▼▼▼
(* Let $A\in\mathbb{R}^{2\times 2}$ with $\mathrm{Re}(\lambda_1(A))>\mathrm{Re}(\lambda_2(A))$ (so $n=2$, $r=1$), and consider the Oja flow $\frac{dU}{dt}=(I_2-UU^{\top})AU$ with $U(0)\in\mathbb{R}^{2}$, $U(0)^{\top}U(0)=1$. Let $K(t)=\Psi^{-1}U(t)$ and $\Sigma=\Psi^{\top}\Psi$ with entries $\Sigma_{11},\Sigma_{22}$ on the diagonal. If $K(0)\neq\begin{bsmallmatrix}0,&\pm\Sigma_{22}^{-1/2}\end{bsmallmatrix}^{\top}$, then $U(t)=\Psi K(t)$ converges to $\mathcal{U}=\{\pm\Sigma_{11}^{-1/2}\psi_1(A)\}$.
   Context: $\Psi=[\psi_1(A),\psi_2(A)]$ is the matrix of unit-norm eigenvectors of $A$ for $\lambda_1(A),\lambda_2(A)$ (these eigenvalues are real and distinct under the hypothesis, so $\Psi$ is real and invertible). *)

theory Defs
  imports "HOL-Analysis.Analysis"
begin

definition outer :: "real^'n \<Rightarrow> real^'n^'n" where
  "outer u = (\<chi> i j. u $ i * u $ j)"

text \<open>The (complex, with multiplicity) eigenvalues of a real 2x2 matrix are the two roots
  of its characteristic polynomial x^2 - tr(A) x + det(A).\<close>
definition eigenvalues2 :: "real^2^2 \<Rightarrow> complex \<Rightarrow> complex \<Rightarrow> bool" where
  "eigenvalues2 A l1 l2 \<longleftrightarrow>
     l1 + l2 = complex_of_real (trace A) \<and> l1 * l2 = complex_of_real (det A)"

definition unit_eigvec :: "real^2^2 \<Rightarrow> complex \<Rightarrow> real^2 \<Rightarrow> bool" where
  "unit_eigvec A l psi \<longleftrightarrow> norm psi = 1 \<and>
     (\<forall>i. complex_of_real ((A *v psi) $ i) = l * complex_of_real (psi $ i))"

definition cols2 :: "real^2 \<Rightarrow> real^2 \<Rightarrow> real^2^2" where
  "cols2 p1 p2 = (\<chi> i j. if j = 1 then p1 $ i else p2 $ i)"

end

theory Submission
  imports Defs
begin

(* Measure U(t) against the eigenvectors with the planar cross product: if A v = mu v then
   cross2 v (A u) = (tr A - mu) cross2 v u, so alpha = cross2 psi2 U and beta = cross2 psi1 U solve
   alpha' = (lambda1 - q) alpha and beta' = (lambda2 - q) beta with the same Rayleigh quotient
   q = U . A U.  Hence alpha(t) and beta(t) exp((lambda1 - lambda2) t) are the same positive multiple
   of alpha(0) and beta(0).  As the flow preserves |U| = 1, U(t) is, up to a fixed sign, the
   normalisation of alpha(0) psi1 - beta(0) exp((lambda2 - lambda1) t) psi2, which tends to +-psi1
   as soon as alpha(0) ~= 0.  Since the psi_i are unit vectors, Sigma_11 = Sigma_22 = 1, and the
   hypothesis on K(0) says exactly that U(0) ~= +-psi2, i.e. alpha(0) ~= 0. *)

lemma matrix_inv_mult_left:
  assumes "invertible A"
  shows "matrix_inv A ** A = mat 1"
  using assms unfolding invertible_def matrix_inv_def by (rule someI2_ex) auto

lemma linear_ode_exp_solution:
  fixes y q :: "real \<Rightarrow> real"
  assumes q: "continuous_on {0..} q"
    and y: "\<And>t. t \<ge> 0 \<Longrightarrow> (y has_real_derivative (c - q t) * y t) (at t within {0..})"
    and "t \<ge> 0"
  shows "y t = y 0 * exp (c * t - integral {0..t} q)"
proof -
  define g where "g s = y s * exp (integral {0..s} q - c * s)" for s
  have "(g has_real_derivative 0) (at s within {0..t})" if s: "s \<in> {0..t}" for s
  proof -
    have "((\<lambda>x. integral {0..x} q) has_real_derivative q s) (at s within {0..t})"
      using continuous_on_subset[OF q] s by (intro integral_has_real_derivative) auto
    moreover have "(y has_real_derivative (c - q s) * y s) (at s within {0..t})"
      using s by (intro DERIV_subset[OF y]) auto
    ultimately show ?thesis
      unfolding g_def by (auto intro!: derivative_eq_intros simp: algebra_simps)
  qed
  then obtain k where "\<forall>s\<in>{0..t}. g s = k"
    using has_field_derivative_zero_constant[of "{0..t}" g] by auto
  then have "g t = g 0"
    using \<open>t \<ge> 0\<close> by auto
  then show ?thesis
    by (simp add: g_def exp_diff field_simps)
qed

lemma outer_mult_vector: "outer u *v w = (u \<bullet> w) *\<^sub>R u"
  by (simp add: vec_eq_iff outer_def matrix_vector_mult_def inner_vec_def sum_distrib_left algebra_simps)

lemma oja_field_eq: "((mat 1 - outer u) ** A) *v u = A *v u - (u \<bullet> (A *v u)) *\<^sub>R u"
  by (simp add: matrix_vector_mul_assoc[symmetric] matrix_vector_mult_diff_rdistrib outer_mult_vector)

definition oja_solution :: "real^'n^'n \<Rightarrow> (real \<Rightarrow> real^'n) \<Rightarrow> bool" where
  "oja_solution A U \<longleftrightarrow>
     (\<forall>t\<ge>0. (U has_vector_derivative A *v U t - (U t \<bullet> (A *v U t)) *\<^sub>R U t) (at t within {0..}))"

lemma oja_solution_continuous_on:
  assumes "oja_solution A U"
  shows "continuous_on {0..} U"
  using assms has_vector_derivative_continuous
  unfolding oja_solution_def continuous_on_eq_continuous_within by (metis atLeast_iff)

lemma oja_rayleigh_continuous_on:
  assumes "oja_solution A U"
  shows "continuous_on {0..} (\<lambda>t. U t \<bullet> (A *v U t))"
proof -
  have U: "continuous_on {0..} U"
    using assms by (rule oja_solution_continuous_on)
  moreover have "continuous_on {0..} (\<lambda>t. A *v U t)"
    using U by (rule linear_continuous_on_compose) simp
  ultimately show ?thesis
    by (rule continuous_on_inner)
qed

lemma oja_solution_unit:
  assumes flow: "oja_solution A U" and init: "U 0 \<bullet> U 0 = 1" and "t \<ge> 0"
  shows "norm (U t) = 1"
proof -
  define q where "q t = U t \<bullet> (A *v U t)" for t
  define s where "s t = U t \<bullet> U t - 1" for t
  have "(s has_real_derivative (0 - 2 * q t) * s t) (at t within {0..})" if "t \<ge> 0" for t
  proof -
    have "(U has_vector_derivative A *v U t - q t *\<^sub>R U t) (at t within {0..})"
      using flow that unfolding oja_solution_def q_def by blast
    then have "(s has_real_derivative 2 * (U t \<bullet> (A *v U t - q t *\<^sub>R U t))) (at t within {0..})"
      unfolding s_def has_vector_derivative_def has_field_derivative_def
      by (auto intro!: derivative_eq_intros simp: inner_commute algebra_simps)
    then show ?thesis
      by (simp add: s_def q_def algebra_simps)
  qed
  moreover have "continuous_on {0..} (\<lambda>t. 2 * q t)"
    unfolding q_def using flow by (intro continuous_intros oja_rayleigh_continuous_on)
  ultimately have "s t = s 0 * exp (0 * t - integral {0..t} (\<lambda>t. 2 * q t))"
    using \<open>t \<ge> 0\<close> by (intro linear_ode_exp_solution)
  then show ?thesis
    using init by (simp add: s_def norm_eq_1)
qed

definition cross2 :: "real^2 \<Rightarrow> real^2 \<Rightarrow> real" where
  "cross2 v x = v$1 * x$2 - v$2 * x$1"

lemma bounded_linear_cross2: "bounded_linear (cross2 v)"
proof -
  have "cross2 v = (\<lambda>x. vector [- v$2, v$1] \<bullet> x)"
    by (simp add: fun_eq_iff cross2_def inner_vec_def sum_2)
  then show ?thesis
    by (simp add: bounded_linear_inner_right)
qed

lemma cross2_swap: "cross2 q p = - cross2 p q"
  by (simp add: cross2_def)

lemma cross2_diff_scaleR: "cross2 v (x - c *\<^sub>R y) = cross2 v x - c * cross2 v y"
  by (simp add: cross2_def algebra_simps)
▲▲▲
**Task to complete:**
Restate the listing exactly, starting at its first line and ending at the line where "u = (\<chi> i" occurs; include both and no other lines.

**Output for this task:**
(* Let $A\in\mathbb{R}^{2\times 2}$ with $\mathrm{Re}(\lambda_1(A))>\mathrm{Re}(\lambda_2(A))$ (so $n=2$, $r=1$), and consider the Oja flow $\frac{dU}{dt}=(I_2-UU^{\top})AU$ with $U(0)\in\mathbb{R}^{2}$, $U(0)^{\top}U(0)=1$. Let $K(t)=\Psi^{-1}U(t)$ and $\Sigma=\Psi^{\top}\Psi$ with entries $\Sigma_{11},\Sigma_{22}$ on the diagonal. If $K(0)\neq\begin{bsmallmatrix}0,&\pm\Sigma_{22}^{-1/2}\end{bsmallmatrix}^{\top}$, then $U(t)=\Psi K(t)$ converges to $\mathcal{U}=\{\pm\Sigma_{11}^{-1/2}\psi_1(A)\}$.
   Context: $\Psi=[\psi_1(A),\psi_2(A)]$ is the matrix of unit-norm eigenvectors of $A$ for $\lambda_1(A),\lambda_2(A)$ (these eigenvalues are real and distinct under the hypothesis, so $\Psi$ is real and invertible). *)

theory Defs
  imports "HOL-Analysis.Analysis"
begin

definition outer :: "real^'n \<Rightarrow> real^'n^'n" where
  "outer u = (\<chi> i j. u $ i * u $ j)"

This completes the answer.